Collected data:
+++

lemma AE_const_if_gagliardo_eq_0:
  fixes u :: "'a::euclidean_space \<Rightarrow> real"
  assumes [measurable]: "u \<in> borel_measurable lebesgue"
    and "(\<integral>\<^sup>+ x. \<integral>\<^sup>+ y. ennreal (\<bar>u x - u y\<bar> powr p / norm (x - y) powr c) \<partial>lebesgue \<partial>lebesgue) = 0"
  shows "AE x in lebesgue. AE y in lebesgue. u x = u y"
proof -
  have "AE x in lebesgue. (\<integral>\<^sup>+ y. ennreal (\<bar>u x - u y\<bar> powr p / norm (x - y) powr c) \<partial>lebesgue) = 0"
    using assms(2) by (subst (asm) nn_integral_0_iff_AE) auto
  then show ?thesis
  proof eventually_elim
    case (elim x)
    then have "AE y in lebesgue. ennreal (\<bar>u x - u y\<bar> powr p / norm (x - y) powr c) = 0"
      by (subst (asm) nn_integral_0_iff_AE) auto
    then show ?case
      using AE_lebesgue_neq[of x] by eventually_elim (auto simp: ennreal_eq_0_iff divide_le_0_iff)
  qed
qed

lemma frac_sobolevD:
  fixes u :: "'a::euclidean_space \<Rightarrow> real"
  assumes "u \<in> frac_sobolev s p"
  shows "u \<in> borel_measurable lebesgue"
    and "(\<integral>\<^sup>+ x. ennreal (\<bar>u x\<bar> powr p) \<partial>lebesgue) < \<infinity>"
    and "(\<integral>\<^sup>+ x. \<integral>\<^sup>+ y. ennreal (\<bar>u x - u y\<bar> powr p / norm (x - y) powr (real DIM('a) + s * p))
           \<partial>lebesgue \<partial>lebesgue) < \<infinity>"
  using assms unfolding frac_sobolev_def by auto

lemma X0D:
  fixes u :: "'a::euclidean_space \<Rightarrow> real"
  assumes "u \<in> X0 s \<Omega>" and "s \<noteq> 0"
  shows "u \<in> borel_measurable lebesgue"
    and "(\<integral>\<^sup>+ x. \<integral>\<^sup>+ y. ennreal (\<bar>u x - u y\<bar> powr (real DIM('a) / s) / norm (x - y) powr (2 * real DIM('a)))
           \<partial>lebesgue \<partial>lebesgue) < \<infinity>"
    and "AE x in lebesgue. x \<notin> \<Omega> \<longrightarrow> u x = 0"
proof -
  have u: "u \<in> frac_sobolev s (real DIM('a) / s)" and "AE x in lebesgue. x \<notin> \<Omega> \<longrightarrow> u x = 0"
    using assms(1) unfolding X0_def by auto
  then show "u \<in> borel_measurable lebesgue" and "AE x in lebesgue. x \<notin> \<Omega> \<longrightarrow> u x = 0"
    using frac_sobolevD(1) by auto
  have "real DIM('a) + s * (real DIM('a) / s) = 2 * real DIM('a)" using \<open>s \<noteq> 0\<close> by simp
  then show "(\<integral>\<^sup>+ x. \<integral>\<^sup>+ y. ennreal (\<bar>u x - u y\<bar> powr (real DIM('a) / s) / norm (x - y) powr (2 * real DIM('a)))
           \<partial>lebesgue \<partial>lebesgue) < \<infinity>"
    using frac_sobolevD(3)[OF u] by simp
qed

lemma min_zero_in_frac_sobolev:
  fixes u :: "'a::euclidean_space \<Rightarrow> real"
  assumes "u \<in> frac_sobolev s p" and "0 \<le> p"
  shows "(\<lambda>x. min (u x) 0) \<in> frac_sobolev s p"
proof -
  note u = frac_sobolevD[OF assms(1)]
  have "(\<integral>\<^sup>+ x. ennreal (\<bar>min (u x) 0\<bar> powr p) \<partial>lebesgue) \<le> (\<integral>\<^sup>+ x. ennreal (\<bar>u x\<bar> powr p) \<partial>lebesgue)"
    using assms(2) by (intro nn_integral_mono ennreal_leI powr_mono2) auto
  moreover have "(\<integral>\<^sup>+ x. \<integral>\<^sup>+ y. ennreal (\<bar>min (u x) 0 - min (u y) 0\<bar> powr p
        / norm (x - y) powr (real DIM('a) + s * p)) \<partial>lebesgue \<partial>lebesgue)
    \<le> (\<integral>\<^sup>+ x. \<integral>\<^sup>+ y. ennreal (\<bar>u x - u y\<bar> powr p
        / norm (x - y) powr (real DIM('a) + s * p)) \<partial>lebesgue \<partial>lebesgue)"
    using assms(2)
    by (intro nn_integral_mono ennreal_leI divide_right_mono powr_mono2 abs_min_zero_diff_le) auto
  ultimately show ?thesis
    using u unfolding frac_sobolev_def by (auto intro: le_less_trans)
qed

lemma min_zero_in_X0:
  assumes "u \<in> X0 s \<Omega>" and "0 \<le> s"
  shows "(\<lambda>x. min (u x) 0) \<in> X0 s \<Omega>"
  using assms unfolding X0_def by (auto intro!: min_zero_in_frac_sobolev elim: eventually_mono)

lemma X0_norm_pos:
  fixes u :: "'a::euclidean_space \<Rightarrow> real"
  assumes u: "u \<in> X0 s \<Omega>" and "0 < s" "bounded \<Omega>" and "\<not> (AE x in lebesgue. u x = 0)"
  shows "0 < X0_norm s u"
proof -
  define Q where "Q = (\<integral>\<^sup>+ x. \<integral>\<^sup>+ y. ennreal (\<bar>u x - u y\<bar> powr (real DIM('a) / s)
      / norm (x - y) powr (2 * real DIM('a))) \<partial>lebesgue \<partial>lebesgue)"
  have "Q < \<infinity>" unfolding Q_def using X0D(2)[OF u] \<open>0 < s\<close> by simp
  moreover have "Q \<noteq> 0"
  proof
    assume "Q = 0"
    then have "AE x in lebesgue. AE y in lebesgue. u x = u y"
      unfolding Q_def using X0D(1)[OF u] \<open>0 < s\<close> by (intro AE_const_if_gagliardo_eq_0) auto
    then show False
      using AE_eq_0_if_AE_const X0D(3)[OF u] assms(2-4) by auto
  qed
  ultimately have "0 < enn2real Q"
    by (simp add: enn2real_positive_iff zero_less_iff_neq_zero)
  then show ?thesis unfolding X0_norm_def Q_def[symmetric] by simp
qed

definition frac_laplacian_form :: "real \<Rightarrow> ('a::euclidean_space \<Rightarrow> real) \<Rightarrow> ('a \<Rightarrow> real) \<Rightarrow> real" where
  "frac_laplacian_form s u \<phi> = (\<integral> z. (case z of (x, y) \<Rightarrow>
       \<bar>u x - u y\<bar> powr (real DIM('a) / s - 2) * (u x - u y) * (\<phi> x - \<phi> y)
         / norm (x - y) powr (2 * real DIM('a))) \<partial>(lebesgue \<Otimes>\<^sub>M lebesgue))"

lemma weak_solution_testD:
  fixes u :: "'a::euclidean_space \<Rightarrow> real"
  assumes "weak_solution s \<mu> M g G \<Omega> u" and "\<phi> \<in> X0 s \<Omega>"
  shows "M (X0_norm s u powr (real DIM('a) / s)) * frac_laplacian_form s u \<phi>
    = (\<integral> x \<in> \<Omega>. (\<integral> y \<in> \<Omega>. G y (u y) / norm (x - y) powr \<mu> \<partial>lebesgue) * g x (u x) * \<phi> x \<partial>lebesgue)"
  using assms unfolding weak_solution_def frac_laplacian_form_def by blast

lemma integrable_frac_laplacian_integrand:
  fixes u \<phi> :: "'a::euclidean_space \<Rightarrow> real"
  assumes u: "u \<in> X0 s \<Omega>" "s \<noteq> 0" and [measurable]: "\<phi> \<in> borel_measurable lebesgue"
    and contraction: "\<And>x y. \<bar>\<phi> x - \<phi> y\<bar> \<le> \<bar>u x - u y\<bar>"
  shows "integrable (lebesgue \<Otimes>\<^sub>M lebesgue) (\<lambda>(x, y).
    \<bar>u x - u y\<bar> powr (real DIM('a) / s - 2) * (u x - u y) * (\<phi> x - \<phi> y) / norm (x - y) powr (2 * real DIM('a)))"
    (is "integrable _ ?F")
proof (rule integrableI_bounded)
  note [measurable] = X0D(1)[OF u]
  define K where "K x y = \<bar>u x - u y\<bar> powr (real DIM('a) / s) / norm (x - y) powr (2 * real DIM('a))" for x y
  have [measurable]: "(\<lambda>(x, y). K x y) \<in> borel_measurable (lebesgue \<Otimes>\<^sub>M lebesgue)"
    unfolding K_def by measurable
  show "?F \<in> borel_measurable (lebesgue \<Otimes>\<^sub>M lebesgue)" by measurable
  have "norm (?F (x, y)) \<le> K x y" for x y
  proof -
    have "\<bar>\<bar>u x - u y\<bar> powr (real DIM('a) / s - 2) * (u x - u y) * (\<phi> x - \<phi> y)\<bar>
        \<le> \<bar>u x - u y\<bar> powr (real DIM('a) / s)"
      using abs_powr_mult_le_powr_add2[OF contraction, of x y "real DIM('a) / s - 2"] by simp
    then show ?thesis unfolding K_def by (simp add: divide_right_mono)
  qed
  then have "(\<integral>\<^sup>+ z. ennreal (norm (?F z)) \<partial>(lebesgue \<Otimes>\<^sub>M lebesgue))
      \<le> (\<integral>\<^sup>+ z. ennreal (case z of (x, y) \<Rightarrow> K x y) \<partial>(lebesgue \<Otimes>\<^sub>M lebesgue))"
    by (intro nn_integral_mono ennreal_leI) auto
  also have "\<dots> = (\<integral>\<^sup>+ x. \<integral>\<^sup>+ y. ennreal (K x y) \<partial>lebesgue \<partial>lebesgue)"
    by (subst lebesgue.nn_integral_fst[symmetric]) auto
  also have "\<dots> < \<infinity>" unfolding K_def using X0D(2)[OF u] .
  finally show "(\<integral>\<^sup>+ z. ennreal (norm (?F z)) \<partial>(lebesgue \<Otimes>\<^sub>M lebesgue)) < \<infinity>" .
qed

+++

*About this task:* Find and copy each line of the data where "symmetric" is present.

*Result of the task:*
  then show ?thesis unfolding X0_norm_def Q_def[symmetric] by simp
    by (subst lebesgue.nn_integral_fst[symmetric]) auto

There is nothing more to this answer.